■ The task ■
Only the lines from the top of the data through the one with "x \<and> X j" are to be written out, each exactly as it stands.

■ Dataset records ■
(* Let $\{X_{n}, \, n \geqslant 1 \}$ be a sequence of identically distributed and pairwise positively quadrant dependent random variables satisfying \[ \sum_{1 \leqslant k < j < \infty} \frac{G_{X_{k},X_{j}}(k,j)}{kj} < \infty . \] Then $\mathbb{E} \lvert X_{1} \rvert < \infty$ if and only if $\frac{1}{n}\sum_{k=1}^{n} (X_{k} - \mathbb{E} \, X_{1}) \to 0$ almost surely.
   Context: A sequence $\{X_{n}, \, n \geqslant 1 \}$ of random variables is pairwise positively quadrant dependent (pairwise PQD) if $\mathbb{P}\{X_{k} \leqslant x_{k}, X_{j} \leqslant x_{j}\} - \mathbb{P}\{X_{k} \leqslant x_{k}\}\mathbb{P}\{X_{j} \leqslant x_{j}\} \geqslant 0$ for all reals $x_{k}, x_{j}$ and all positive integers $k \neq j$. For random variables $X_k, X_j$ and $u,v>0$, \[ G_{X_{k},X_{j}}(u,v) := \int_{-v}^{v} \int_{-u}^{u} \big[\mathbb{P} \{X_{k} > x, X_{j} > y \} - \mathbb{P} \{X_{k} > x \} \mathbb{P} \{X_{j} > y \}\big] \, \mathrm{d}x \, \mathrm{d}y . \] *)

theory Defs
  imports "HOL-Probability.Probability"
begin

definition pairwise_PQD :: "'a measure \<Rightarrow> (nat \<Rightarrow> 'a \<Rightarrow> real) \<Rightarrow> bool" where
  "pairwise_PQD M X \<longleftrightarrow>
     (\<forall>k j x y. 1 \<le> k \<and> 1 \<le> j \<and> k \<noteq> j \<longrightarrow>
        measure M {\<omega> \<in> space M. X k \<omega> \<le> x \<and> X j \<omega> \<le> y}
          - measure M {\<omega> \<in> space M. X k \<omega> \<le> x} * measure M {\<omega> \<in> space M. X j \<omega> \<le> y} \<ge> 0)"

definition G :: "'a measure \<Rightarrow> ('a \<Rightarrow> real) \<Rightarrow> ('a \<Rightarrow> real) \<Rightarrow> real \<Rightarrow> real \<Rightarrow> real" where
  "G M Y Z u v =
     (LBINT y=-v..v. (LBINT x=-u..u.
        measure M {\<omega> \<in> space M. Y \<omega> > x \<and> Z \<omega> > y}
        - measure M {\<omega> \<in> space M. Y \<omega> > x} * measure M {\<omega> \<in> space M. Z \<omega> > y}))"
lemma relpow_dedge_card_le: "(dedge n s ^^ k) v u \<Longrightarrow> card v \<le> card u + k"
proof (induction k arbitrary: u)
  case (Suc k)
  then obtain y where "(dedge n s ^^ k) v y" "dedge n s y u" by auto
  with Suc.IH dedge_card_le[of n s y u] show ?case by fastforce
qed simp

text \<open>The orientation towards the empty set with the edges marked by F reversed; F u j refers
  to the edge {u, u \<oplus> {j}}.\<close>
definition flip_outmap :: "nat \<Rightarrow> (nat set \<Rightarrow> nat \<Rightarrow> bool) \<Rightarrow> nat set \<Rightarrow> nat set" where
  "flip_outmap n F u = {j \<in> {1..n}. (j \<in> u) \<noteq> F u j}"

lemma is_orientation_flip_outmap:
  assumes "\<And>u j. F (symdiff u {j}) j = F u j"
  shows "is_orientation n (flip_outmap n F)"
  unfolding is_orientation_def
proof (intro allI impI conjI ballI)
  fix v j assume "j \<in> {1..n}"
  moreover have "j \<in> symdiff v {j} \<longleftrightarrow> j \<notin> v" by (auto simp: symdiff_def)
  ultimately show "(j \<in> flip_outmap n F v) = (j \<notin> flip_outmap n F (symdiff v {j}))"
    using assms[of v j] by (auto simp: flip_outmap_def)
qed (auto simp: flip_outmap_def)
(* Let $\mathcal{G}\in\mathcal{G}_2^{sym}$. Then there exists a sequence $\mathcal{K}_1=\mathcal{G}^{(1)}\rightarrow\mathcal{G}^{(2)}\rightarrow\cdots\rightarrow\mathcal{G}^{(n)}=\mathcal{G}$ of elements of $\mathcal{G}_2^{sym}$ such that for all $2\le i\le n$, $\mathcal{G}^{(i)}$ is obtained from $\mathcal{G}^{(i-1)}$ by a symmetric $2$-tree $j$-extension for some $j\in\{0,1\}$.
   Context: A multi-graph is finite and loop-free, possibly with parallel edges. A $2$-tree decomposition is $(G;T_1,T_2)$ with $G$ a multi-graph and $T_1,T_2$ spanning trees of $G$ whose edge sets partition $E(G)$. Let $\mathbb{Z}_2=\langle s\rangle$. A $\mathbb{Z}_2$-symmetric multi-graph is a pair $(G,\theta)$ with $\theta:\mathbb{Z}_2\to\mathrm{Aut}(G)$ a non-trivial homomorphism; write $s_\theta=\theta(s)$ and for an edge $e=v_1v_2$, $s_\theta(e)=s_\theta(v_1)s_\theta(v_2)$. A vertex $v$ (edge $e$) is fixed if $s_\theta(v)=v$ ($s_\theta(e)=e$). A symmetric $2$-tree decomposition is $(G;T_1,T_2;\theta)$ where $(G;T_1,T_2)$ is a $2$-tree decomposition, $(G,\theta)$ is $\mathbb{Z}_2$-symmetric and $s_\theta(T_i)=T_i$ for $i=1,2$. $\mathcal{G}_2^{sym}$ denotes the set of symmetric $2$-tree decompositions with no fixed edges, together with $\mathcal{K}_1=(K_1;T_1,T_2;\theta)$ where $K_1$ is a single vertex, the $T_i$ are edgeless and $\theta$ is trivial. For $d\in\{1,2\}$: $(G',\theta')$ is obtained from $(G,\theta)$ by a symmetric $d$-dimensional $0$-extension if $V(G')=V(G)\cup\{v,s_{\theta'}(v)\}$ with $v,s_{\theta'}(v)\notin V(G)$ distinct, $s_{\theta'}|_{V(G)}=s_\theta$, and $E(G')=E(G)+\{vv_i,s_{\theta'}(vv_i):i=1,\dots,d\}$ for some not necessarily distinct $v_1,\dots,v_d\in V(G)$; it is obtained by a symmetric $d$-dimensional $1$-extension if the first two conditions hold and there are $v_1,\dots,v_{d+1}\in V(G)$ with $e=v_1v_2\in E(G)$ (otherwise not necessarily distinct) such that $E(G')=E(G)-\{e,s_\theta(e)\}+\{vv_i,s_{\theta'}(vv_i):i=1,\dots,d+1\}$. A symmetric $2$-tree decomposition $(G';T_1',T_2';\theta')$ is obtained from $(G;T_1,T_2;\theta)$ by a symmetric $2$-tree $j$-extension ($j\in\{0,1\}$) if $(G',\theta')$ is obtained from $(G,\theta)$ by a symmetric $2$-dimensional $j$-extension and, for $i=1,2$, $(T_i',\theta')$ is obtained from $(T_i,\theta)$ (with the restricted automorphisms) by a symmetric $1$-dimensional $k_i$-extension with the same new vertices, where $k_i\in\{0,1\}$ and $k_1+k_2=j$. *)

theory Defs
  imports Main "HOL-Library.Multiset"
begin
(* Consider the protocol $P_{RL}$ with parameter $N$ on a directed ring of size $n$ with $2\le n\le N$. The set $\mathcal{C}_{PB}$ of configurations (defined in the context) is closed: no configuration outside $\mathcal{C}_{PB}$ is reachable from a configuration in $\mathcal{C}_{PB}$.
   Context: Model. A population is a directed ring of $n\ge 2$ anonymous agents $u_0,\dots,u_{n-1}$ (indices modulo $n$) with arcs $e_i=(u_i,u_{i+1})$. A configuration $C$ assigns a state to each agent; $C\to C'$ means that $C'$ is obtained from $C$ by one interaction on some arc $e_i$, in which initiator $u_i$ and responder $u_{i+1}$ update their states by the transition function and all other agents keep their states. A configuration is reachable from $C$ if it is obtained from $C$ by finitely many such steps. Protocol $P_{RL}$ (parameter $N$). Each agent has variables $\mathit{leader}\in\{0,1\}$, $\mathit{bullet}\in\{0,1,2\}$, $\mathit{shield}\in\{0,1\}$, $\mathit{signal}\in\{0,1\}$, $\mathit{dist}\in\{0,\dots,N\}$. In an interaction with initiator $l$ and responder $r$ the following are executed in order: 1. If $l.\mathit{leader}=1$ then $l.\mathit{dist}\gets 0$. 2. If $r.\mathit{leader}=1$ then $r.\mathit{dist}\gets 0$; else if $r.\mathit{bullet}=0$ then $r.\mathit{dist}\gets\min(l.\mathit{dist}+1,N)$. 3. If $r.\mathit{dist}=N$ then $r.\mathit{leader}\gets1$, $r.\mathit{bullet}\gets2$, $r.\mathit{shield}\gets1$, $r.\mathit{signal}\gets0$, $r.\mathit{dist}\gets0$. 4. If $l.\mathit{leader}=1$ and $l.\mathit{signal}=1$ then $l.\mathit{bullet}\gets2$, $l.\mathit{shield}\gets1$, $l.\mathit{signal}\gets0$. 5. If $r.\mathit{leader}=1$ and $r.\mathit{signal}=1$ then $r.\mathit{bullet}\gets1$, $r.\mathit{shield}\gets0$, $r.\mathit{signal}\gets0$. 6. If $l.\mathit{bullet}>0$ and $r.\mathit{leader}=1$: set $r.\mathit{leader}\gets0$ if ($l.\mathit{bullet}=2$ and $r.\mathit{shield}=0$); then $l.\mathit{bullet}\gets0$. Else, if $l.\mathit{bullet}>0$ and $r.\mathit{leader}=0$: if $r.\mathit{bullet}=0$ then $r.\mathit{bullet}\gets l.\mathit{bullet}$; then $l.\mathit{bullet}\gets0$ and $r.\mathit{signal}\gets0$. 7. $l.\mathit{signal}\gets\max(l.\mathit{signal},r.\mathit{signal},r.\mathit{leader})$. An agent is a leader if $\mathit{leader}=1$ and a follower otherwise. Definitions. In a configuration with at least one leader, $\mathrm{dist}_L(i)=\min\{j\ge0: u_{i-j}.\mathit{leader}=1\}$. The predicate $\mathrm{peaceful}(i)$ holds iff $u_{i-\mathrm{dist}_L(i)}.\mathit{shield}=1$ and $u_{i-j}.\mathit{signal}=0$ for all $j=0,1,\dots,\mathrm{dist}_L(i)$. $\mathcal{C}_{PB}$ is the set of configurations in which at least one agent is a leader and every agent $u_j$ with $u_j.\mathit{bullet}=2$ satisfies $\mathrm{peaceful}(j)$. *)

theory Defs
  imports Main
begin

text \<open>The 0/1 variables leader, shield, signal are
  rendered as bool (1 = True); bullet ranges over 0..2 and dist over 0..N (nat, with
  the range constraint imposed by valid_config).\<close>

record agent =
  leader :: bool
  bullet :: nat
  shield :: bool
  signal :: bool
  dist   :: nat

text \<open>Transition function: initiator l, responder r; steps 1-7 executed in order.\<close>

definition delta :: "nat \<Rightarrow> agent \<Rightarrow> agent \<Rightarrow> agent \<times> agent" where
  "delta N l r = (
     let l1 = (if leader l then l\<lparr>dist := 0\<rparr> else l);
         r1 = (if leader r then r\<lparr>dist := 0\<rparr>
               else if bullet r = 0 then r\<lparr>dist := min (dist l1 + 1) N\<rparr> else r);
         r2 = (if dist r1 = N
               then r1\<lparr>leader := True, bullet := 2, shield := True, signal := False, dist := 0\<rparr>
               else r1);
         l2 = (if leader l1 \<and> signal l1
               then l1\<lparr>bullet := 2, shield := True, signal := False\<rparr> else l1);
         r3 = (if leader r2 \<and> signal r2
               then r2\<lparr>bullet := 1, shield := False, signal := False\<rparr> else r2);
         (l3, r4) =
           (if bullet l2 > 0 \<and> leader r3 then
              (l2\<lparr>bullet := 0\<rparr>,
               (if bullet l2 = 2 \<and> \<not> shield r3 then r3\<lparr>leader := False\<rparr> else r3))
            else if bullet l2 > 0 \<and> \<not> leader r3 then
              (l2\<lparr>bullet := 0\<rparr>,
               (if bullet r3 = 0 then r3\<lparr>bullet := bullet l2\<rparr> else r3)\<lparr>signal := False\<rparr>)
            else (l2, r3));
         l4 = l3\<lparr>signal := (signal l3 \<or> signal r4 \<or> leader r4)\<rparr>
     in (l4, r4))"
(* Let $1\le t\le n$ and write $n=at+b$ with $a\ge1$ and $0\le b<t$. Then for all $s\ge1$, $$\mathrm{mult}\bigl(S/I_t(L_n)^s\bigr)=\binom{s+a-1}{s-1}\binom{a+t-b-1}{a}.$$ In particular, $\mathrm{mult}(S/I_t(L_n)^s)$ is a polynomial in $s$ of degree $a$ for all $s\ge1$.
   Context: $K$ is a field, $S=K[x_1,\ldots,x_n]$ standard graded, $I_t(L_n)=(u_1,\ldots,u_{n-t+1})$ with $u_i=x_ix_{i+1}\cdots x_{i+t-1}$ (the $t$-path ideal of the line graph $L_n$ with edges $\{x_j,x_{j+1}\}$). For a finitely generated graded $S$-module $M$ of Krull dimension $d$, its Hilbert series is $\sum_i\dim_K M_i z^i=Q(M,z)/(1-z)^d$ with $Q(M,z)$ a Laurent polynomial and $Q(M,1)\neq0$; the multiplicity is $\mathrm{mult}(M)=e_0(M)=Q(M,1)$. *)

theory Defs
  imports "HOL-Computational_Algebra.Polynomial_FPS"
begin

(* Monomials of S = K[x_1,...,x_n] are represented by exponent vectors
   alpha :: nat => nat supported on {1..n}. *)

definition monomial_exps :: "nat \<Rightarrow> (nat \<Rightarrow> nat) set" where
  "monomial_exps n = {\<alpha>. \<forall>j. j \<notin> {1..n} \<longrightarrow> \<alpha> j = 0}"

definition mdeg :: "nat \<Rightarrow> (nat \<Rightarrow> nat) \<Rightarrow> nat" where
  "mdeg n \<alpha> = (\<Sum>j=1..n. \<alpha> j)"

(* exponent vector of the generator u_i = x_i x_{i+1} ... x_{i+t-1} *)
definition path_gen :: "nat \<Rightarrow> nat \<Rightarrow> nat \<Rightarrow> nat" where
  "path_gen t i = (\<lambda>j. if i \<le> j \<and> j < i + t then 1 else 0)"

(* x^alpha lies in the monomial ideal I_t(L_n)^s iff it is divisible by a product of
   s generators u_i (i = 1..n-t+1), taken with multiplicities c i *)
definition in_path_power :: "nat \<Rightarrow> nat \<Rightarrow> nat \<Rightarrow> (nat \<Rightarrow> nat) \<Rightarrow> bool" where
  "in_path_power n t s \<alpha> \<longleftrightarrow>
     (\<exists>c :: nat \<Rightarrow> nat. (\<Sum>i=1..n-t+1. c i) = s \<and>
        (\<forall>j. (\<Sum>i=1..n-t+1. c i * path_gen t i j) \<le> \<alpha> j))"

(* Hilbert function of S / I_t(L_n)^s: the monomials not in a monomial ideal form a
   K-basis of the quotient, so dim_K (S/I^s)_k is the number of degree-k monomials
   outside I^s. *)
definition path_hilb :: "nat \<Rightarrow> nat \<Rightarrow> nat \<Rightarrow> nat \<Rightarrow> nat" where
  "path_hilb n t s k = card {\<alpha> \<in> monomial_exps n. mdeg n \<alpha> = k \<and> \<not> in_path_power n t s \<alpha>}"

definition hilbert_mult :: "(nat \<Rightarrow> nat) \<Rightarrow> int" where
  "hilbert_mult h = (THE e. \<exists>(d::nat) (Q::int poly).
      fps_of_poly Q = Abs_fps (\<lambda>k. int (h k)) * (1 - fps_X) ^ d \<and>
      poly Q 1 \<noteq> 0 \<and> e = poly Q 1)"

end

theory Submission
  imports Defs
begin

text \<open>
  A monomial \<open>x\<^sup>\<alpha>\<close> lies outside \<open>I\<^sup>s\<close>, \<open>I = I\<^sub>t(L\<^sub>n)\<close>, exactly when some vertex cover \<open>C\<close> of the
  hypergraph of the supports \<open>{i..<i+t}\<close> of the generators carries exponent sum
  \<open>\<Sum>\<^sub>C \<alpha> < s\<close>; the nontrivial direction is a greedy packing of generators along the line.
  By inclusion-exclusion over families \<open>F\<close> of covers, the Hilbert series of \<open>S/I\<^sup>s\<close> is
  an alternating sum of series counting the monomials with small sum on every member of
  \<open>F\<close>. Such a series only depends on the variables in \<open>U = \<Union>F\<close>, so after multiplication by
  \<open>(1-z)\<^bsup>n-a\<^esup>\<close>, where \<open>a = n div t\<close> is the least size of a cover, it becomes a polynomial times
  \<open>(1-z)\<^bsup>|U|-a\<^esup>\<close>. At \<open>z = 1\<close> only the families consisting of one minimum cover survive, each
  contributing the number \<open>(s+a-1 choose s-1)\<close> of monomials of degree below \<open>s\<close> in \<open>a\<close>
  variables, and the minimum covers, counted through their largest element, number
  \<open>(a+t-b-1 choose a)\<close>.
\<close>

unbundle fps_syntax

■ Answer space ■
(* Let $\{X_{n}, \, n \geqslant 1 \}$ be a sequence of identically distributed and pairwise positively quadrant dependent random variables satisfying \[ \sum_{1 \leqslant k < j < \infty} \frac{G_{X_{k},X_{j}}(k,j)}{kj} < \infty . \] Then $\mathbb{E} \lvert X_{1} \rvert < \infty$ if and only if $\frac{1}{n}\sum_{k=1}^{n} (X_{k} - \mathbb{E} \, X_{1}) \to 0$ almost surely.
   Context: A sequence $\{X_{n}, \, n \geqslant 1 \}$ of random variables is pairwise positively quadrant dependent (pairwise PQD) if $\mathbb{P}\{X_{k} \leqslant x_{k}, X_{j} \leqslant x_{j}\} - \mathbb{P}\{X_{k} \leqslant x_{k}\}\mathbb{P}\{X_{j} \leqslant x_{j}\} \geqslant 0$ for all reals $x_{k}, x_{j}$ and all positive integers $k \neq j$. For random variables $X_k, X_j$ and $u,v>0$, \[ G_{X_{k},X_{j}}(u,v) := \int_{-v}^{v} \int_{-u}^{u} \big[\mathbb{P} \{X_{k} > x, X_{j} > y \} - \mathbb{P} \{X_{k} > x \} \mathbb{P} \{X_{j} > y \}\big] \, \mathrm{d}x \, \mathrm{d}y . \] *)

theory Defs
  imports "HOL-Probability.Probability"
begin

definition pairwise_PQD :: "'a measure \<Rightarrow> (nat \<Rightarrow> 'a \<Rightarrow> real) \<Rightarrow> bool" where
  "pairwise_PQD M X \<longleftrightarrow>
     (\<forall>k j x y. 1 \<le> k \<and> 1 \<le> j \<and> k \<noteq> j \<longrightarrow>
        measure M {\<omega> \<in> space M. X k \<omega> \<le> x \<and> X j \<omega> \<le> y}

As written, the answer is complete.